(* Let $p\geq 1$ be an integer and define $\mathcal{G}_p:[-1,1]\times[-1,1]\to\mathbb{R}$ by $$\mathcal{G}_p(x,y)=\int_{-1}^1 \mathrm{ReLU}^p(z-x)\,\mathrm{ReLU}^p(z-y)\,dz .$$ Then, in the sense of distributions in $x$ (for fixed $y$), $$\frac{\partial^{2p+2}}{\partial x^{2p+2}}\mathcal{G}_p(x,y)=(-1)^{p-1}(p!)^2\,\delta(x-y),$$ where $\delta$ is the Dirac distribution.
   Context: $\mathrm{ReLU}^p(z)=(\max\{0,z\})^p$ for $z\in\mathbb{R}$. *)

theory Defs
  imports "HOL-Analysis.Analysis"
begin

definition ReLU_pow :: "nat \<Rightarrow> real \<Rightarrow> real" where
  "ReLU_pow p z = (max 0 z) ^ p"

definition G :: "nat \<Rightarrow> real \<Rightarrow> real \<Rightarrow> real" where
  "G p x y = integral {-1..1} (\<lambda>z. ReLU_pow p (z - x) * ReLU_pow p (z - y))"

definition test_fun :: "(real \<Rightarrow> real) \<Rightarrow> bool" where
  "test_fun \<phi> \<longleftrightarrow> (\<forall>k x. ((deriv ^^ k) \<phi>) differentiable (at x)) \<and>
     (\<exists>a b. -1 < a \<and> b < 1 \<and> (\<forall>x. x \<notin> {a..b} \<longrightarrow> \<phi> x = 0))"

end

(* By Fubini, the integral of G p x y against \<psi> = \<phi>^(2p+2) equals
   \<integral> ReLU^p(z - y) (\<integral> ReLU^p(z - x) \<psi>(x) dx) dz.
   Since ReLU^p(z - x) = (z - x)^p for x \<le> z, p + 1 integrations by parts turn the inner
   integral into p! \<phi>^(p+1)(z) (Cauchy's formula for repeated integration), and p + 1 more
   against ReLU^p(z - y) give (-1)^(p+1) p! \<phi>(y). All boundary terms vanish because every
   derivative of \<phi> vanishes at -1 and 1 and the power factor vanishes at the other end. *)

theory Submission
  imports Defs
begin

lemma higher_deriv_eq_0_on_open:
  fixes f :: "'a::real_normed_field \<Rightarrow> 'a"
  assumes "open S" and "\<And>x. x \<in> S \<Longrightarrow> f x = 0" and "x \<in> S"
  shows "(deriv ^^ k) f x = 0"
  using assms(3)
proof (induction k arbitrary: x)
  case 0
  then show ?case using assms(2) by simp
next
  case (Suc k)
  have "((deriv ^^ k) f has_field_derivative 0) (at x)"
    using has_field_derivative_transform_within_open[OF DERIV_const assms(1) Suc.prems] Suc.IH
    by metis
  then show ?case by (simp add: DERIV_imp_deriv)
qed

lemma test_fun_higher_deriv_has_derivative:
  assumes "test_fun \<phi>"
  shows "((deriv ^^ k) \<phi> has_real_derivative (deriv ^^ Suc k) \<phi> x) (at x)"
  using assms by (simp add: test_fun_def DERIV_deriv_iff_real_differentiable)

lemma test_fun_higher_deriv_eq_0:
  assumes "test_fun \<phi>" and "x \<notin> {-1<..<1}"
  shows "(deriv ^^ k) \<phi> x = 0"
proof -
  obtain a b where "-1 < a" "b < 1" "\<And>x. x \<notin> {a..b} \<Longrightarrow> \<phi> x = 0"
    using assms(1) unfolding test_fun_def by blast
  then show ?thesis
    using higher_deriv_eq_0_on_open[of "- {a..b}" \<phi> x k] assms(2) by (force simp: open_Compl)
qed

lemma ReLU_pow_nonpos: "p \<ge> 1 \<Longrightarrow> t \<le> 0 \<Longrightarrow> ReLU_pow p t = 0"
  by (simp add: ReLU_pow_def max_def)

lemma ReLU_pow_nonneg: "t \<ge> 0 \<Longrightarrow> ReLU_pow p t = t ^ p"
  by (simp add: ReLU_pow_def)

lemma continuous_on_ReLU_pow [continuous_intros]:
  "continuous_on S f \<Longrightarrow> continuous_on S (\<lambda>x. ReLU_pow p (f x))"
  unfolding ReLU_pow_def by (intro continuous_intros)

lemma has_integral_power_mult_deriv_chain_upper:
  fixes g :: "nat \<Rightarrow> real \<Rightarrow> real"
  assumes dg: "\<And>k x. (g k has_real_derivative g (Suc k) x) (at x)"
    and g0: "\<And>k. g k c = 0" and "c \<le> z"
  shows "((\<lambda>x. (z - x) ^ p * g (Suc p) x) has_integral fact p * g 0 z) {c..z}"
proof (induction p)
  case 0
  have "(g (Suc 0) has_integral g 0 z - g 0 c) {c..z}"
    using \<open>c \<le> z\<close> dg
    by (intro fundamental_theorem_of_calculus)
      (auto simp: has_real_derivative_iff_has_vector_derivative[symmetric] intro: DERIV_subset)
  then show ?case using g0 by simp
next
  case (Suc p)
  define F where "F x = (z - x) ^ Suc p * g (Suc p) x" for x
  have "(F has_real_derivative
      (z - x) ^ Suc p * g (Suc (Suc p)) x - Suc p * ((z - x) ^ p * g (Suc p) x)) (at x)" for x
  proof -
    have "((\<lambda>x. (z - x) ^ Suc p) has_real_derivative - (Suc p * (z - x) ^ p)) (at x)"
      by (rule DERIV_cong[OF DERIV_power_Suc[OF DERIV_diff[OF DERIV_const DERIV_ident]]]) simp
    then show ?thesis
      unfolding F_def by (rule DERIV_cong[OF DERIV_mult[OF _ dg]]) (simp add: algebra_simps)
  qed
  then have "((\<lambda>x. (z - x) ^ Suc p * g (Suc (Suc p)) x - Suc p * ((z - x) ^ p * g (Suc p) x))
      has_integral F z - F c) {c..z}"
    using \<open>c \<le> z\<close>
    by (intro fundamental_theorem_of_calculus)
      (auto simp: has_real_derivative_iff_has_vector_derivative[symmetric] intro: DERIV_subset)
  moreover have "F z = 0" "F c = 0" using g0 by (simp_all add: F_def)
  ultimately have "((\<lambda>x. ((z - x) ^ Suc p * g (Suc (Suc p)) x - Suc p * ((z - x) ^ p * g (Suc p) x))
      + Suc p * ((z - x) ^ p * g (Suc p) x)) has_integral 0 + Suc p * (fact p * g 0 z)) {c..z}"
    by (intro has_integral_add has_integral_mult_right Suc.IH) simp
  then show ?case by (simp add: mult.assoc)
qed

lemma has_integral_power_mult_deriv_chain_lower:
  fixes g :: "nat \<Rightarrow> real \<Rightarrow> real"
  assumes dg: "\<And>k x. (g k has_real_derivative g (Suc k) x) (at x)"
    and g0: "\<And>k. g k d = 0" and "y \<le> d"
  shows "((\<lambda>x. (x - y) ^ p * g (Suc p) x) has_integral (-1) ^ Suc p * fact p * g 0 y) {y..d}"
proof -
  \<comment> \<open>reduce to the upper version by the reflection x \<mapsto> -x\<close>
  define h where "h k x = (-1) ^ k * g k (-x)" for k x
  have "(h k has_real_derivative h (Suc k) x) (at x)" for k x
    unfolding h_def
    by (rule DERIV_cong[OF DERIV_cmult[OF DERIV_chain2[OF dg DERIV_minus[OF DERIV_ident]]]]) simp
  moreover have "h k (-d) = 0" for k by (simp add: h_def g0)
  ultimately have "((\<lambda>x. (- y - x) ^ p * h (Suc p) x) has_integral fact p * h 0 (- y)) {-d..-y}"
    using \<open>y \<le> d\<close> by (intro has_integral_power_mult_deriv_chain_upper) auto
  then have "((\<lambda>x. (-1) ^ Suc p * ((x - y) ^ p * g (Suc p) x)) has_integral fact p * g 0 y) {y..d}"
    using has_integral_reflect_real[of "\<lambda>x. (- y - x) ^ p * h (Suc p) x" _ "-y" "-d"]
    by (simp add: h_def mult_ac)
  from has_integral_mult_right[OF this, of "(-1) ^ Suc p"] show ?thesis
    by (simp add: mult_ac)
qed

lemma has_integral_ReLU_pow_mult_deriv_chain_upper:
  fixes g :: "nat \<Rightarrow> real \<Rightarrow> real"
  assumes "p \<ge> 1" and dg: "\<And>k x. (g k has_real_derivative g (Suc k) x) (at x)"
    and g0: "\<And>k. g k c = 0" and "c \<le> z" "z \<le> d"
  shows "((\<lambda>x. ReLU_pow p (z - x) * g (Suc p) x) has_integral fact p * g 0 z) {c..d}"
proof -
  have "((\<lambda>x. ReLU_pow p (z - x) * g (Suc p) x) has_integral fact p * g 0 z) {c..z}"
    by (rule has_integral_eq[OF _ has_integral_power_mult_deriv_chain_upper[of g c z p, OF dg g0 \<open>c \<le> z\<close>]])
      (simp add: ReLU_pow_nonneg)
  moreover have "((\<lambda>x. ReLU_pow p (z - x) * g (Suc p) x) has_integral 0) {z..d}"
    by (rule has_integral_eq[OF _ has_integral_0]) (use \<open>p \<ge> 1\<close> in \<open>auto simp: ReLU_pow_nonpos\<close>)
  ultimately show ?thesis
    using has_integral_combine[OF \<open>c \<le> z\<close> \<open>z \<le> d\<close>] by fastforce
qed

lemma has_integral_ReLU_pow_mult_deriv_chain_lower:
  fixes g :: "nat \<Rightarrow> real \<Rightarrow> real"
  assumes "p \<ge> 1" and dg: "\<And>k x. (g k has_real_derivative g (Suc k) x) (at x)"
    and g0: "\<And>k. g k d = 0" and "c \<le> y" "y \<le> d"
  shows "((\<lambda>x. ReLU_pow p (x - y) * g (Suc p) x) has_integral (-1) ^ Suc p * fact p * g 0 y) {c..d}"
proof -
  have "((\<lambda>x. ReLU_pow p (x - y) * g (Suc p) x) has_integral 0) {c..y}"
    by (rule has_integral_eq[OF _ has_integral_0]) (use \<open>p \<ge> 1\<close> in \<open>auto simp: ReLU_pow_nonpos\<close>)
  moreover have "((\<lambda>x. ReLU_pow p (x - y) * g (Suc p) x) has_integral (-1) ^ Suc p * fact p * g 0 y) {y..d}"
    by (rule has_integral_eq[OF _ has_integral_power_mult_deriv_chain_lower[of g d y p, OF dg g0 \<open>y \<le> d\<close>]])
      (simp add: ReLU_pow_nonneg)
  ultimately show ?thesis
    using has_integral_combine[OF \<open>c \<le> y\<close> \<open>y \<le> d\<close>] by fastforce
qed

lemma integral_G_mult_eq_iterated:
  assumes "continuous_on {-1..1} \<psi>"
  shows "integral {-1..1} (\<lambda>x. G p x y * \<psi> x)
    = integral {-1..1} (\<lambda>z. ReLU_pow p (z - y) * integral {-1..1} (\<lambda>x. ReLU_pow p (z - x) * \<psi> x))"
proof -
  have cont: "continuous_on (cbox (-1, -1) (1, 1))
      (\<lambda>(x, z). ReLU_pow p (z - x) * ReLU_pow p (z - y) * \<psi> x)"
    unfolding case_prod_beta'
    by (intro continuous_intros continuous_on_compose2[OF assms]) (auto simp: cbox_Pair_eq)
  have "integral {-1..1} (\<lambda>x. G p x y * \<psi> x)
      = integral {-1..1} (\<lambda>x. integral {-1..1} (\<lambda>z. ReLU_pow p (z - x) * ReLU_pow p (z - y) * \<psi> x))"
    by (simp add: G_def)
  also have "\<dots> = integral {-1..1} (\<lambda>z. integral {-1..1} (\<lambda>x. ReLU_pow p (z - x) * ReLU_pow p (z - y) * \<psi> x))"
    using integral_swap_continuous[OF cont] by (simp only: cbox_interval)
  also have "\<dots> = integral {-1..1} (\<lambda>z. ReLU_pow p (z - y) * integral {-1..1} (\<lambda>x. ReLU_pow p (z - x) * \<psi> x))"
  proof (rule integral_cong)
    fix z
    have "(\<lambda>x. ReLU_pow p (z - x) * ReLU_pow p (z - y) * \<psi> x)
        = (\<lambda>x. ReLU_pow p (z - y) * (ReLU_pow p (z - x) * \<psi> x))"
      by (simp add: fun_eq_iff mult_ac)
    then show "integral {-1..1} (\<lambda>x. ReLU_pow p (z - x) * ReLU_pow p (z - y) * \<psi> x)
        = ReLU_pow p (z - y) * integral {-1..1} (\<lambda>x. ReLU_pow p (z - x) * \<psi> x)"
      by simp
  qed
  finally show ?thesis .
qed

theorem lemma1:
  fixes p :: nat and y :: real
  assumes "p \<ge> 1" and "y \<in> {-1..1}"
  shows "\<forall>\<phi>. test_fun \<phi> \<longrightarrow>
    integral {-1..1} (\<lambda>x. G p x y * (deriv ^^ (2*p+2)) \<phi> x)
      = (-1) ^ (p - 1) * (fact p)^2 * \<phi> y"
proof (intro allI impI)
  fix \<phi> :: "real \<Rightarrow> real"
  assume \<phi>: "test_fun \<phi>"
  define D where "D k = (deriv ^^ k) \<phi>" for k
  have dD: "\<And>k x. (D k has_real_derivative D (Suc k) x) (at x)"
    using test_fun_higher_deriv_has_derivative[OF \<phi>] by (simp add: D_def)
  have D_boundary: "D k (-1) = 0" "D k 1 = 0" for k
    using test_fun_higher_deriv_eq_0[OF \<phi>] by (simp_all add: D_def)
  have inner: "integral {-1..1} (\<lambda>x. ReLU_pow p (z - x) * D (2*p+2) x) = fact p * D (Suc p) z"
    if "z \<in> {-1..1}" for z
  proof -
    have "((\<lambda>x. ReLU_pow p (z - x) * D (Suc p + Suc p) x) has_integral fact p * D (0 + Suc p) z) {-1..1}"
      by (rule has_integral_ReLU_pow_mult_deriv_chain_upper[of p "\<lambda>k. D (k + Suc p)"])
        (use \<open>p \<ge> 1\<close> dD D_boundary that in auto)
    then show ?thesis by (simp add: integral_unique mult_2)
  qed
  have "integral {-1..1} (\<lambda>x. G p x y * D (2*p+2) x)
      = integral {-1..1} (\<lambda>z. ReLU_pow p (z - y) * integral {-1..1} (\<lambda>x. ReLU_pow p (z - x) * D (2*p+2) x))"
    by (intro integral_G_mult_eq_iterated continuous_at_imp_continuous_on ballI DERIV_isCont[OF dD])
  also have "\<dots> = integral {-1..1} (\<lambda>z. ReLU_pow p (z - y) * D (Suc p) z * fact p)"
    by (rule integral_cong) (simp only: inner, simp)
  also have "\<dots> = (-1) ^ Suc p * fact p * D 0 y * fact p"
    using has_integral_ReLU_pow_mult_deriv_chain_lower[of p D 1 "-1" y, OF \<open>p \<ge> 1\<close> dD D_boundary(2)] assms(2)
    by (simp add: integral_unique)
  also have "\<dots> = (-1) ^ (p - 1) * (fact p)^2 * \<phi> y"
    using \<open>p \<ge> 1\<close> by (cases p) (simp_all add: D_def power2_eq_square)
  finally show "integral {-1..1} (\<lambda>x. G p x y * (deriv ^^ (2*p+2)) \<phi> x)
      = (-1) ^ (p - 1) * (fact p)^2 * \<phi> y"
    by (simp add: D_def)
qed

end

⁂

▶ **Problem to solve**: In the listing above, how many lines hold the word "unfolding"? Please state the number alone.

▶ **Your response**: 5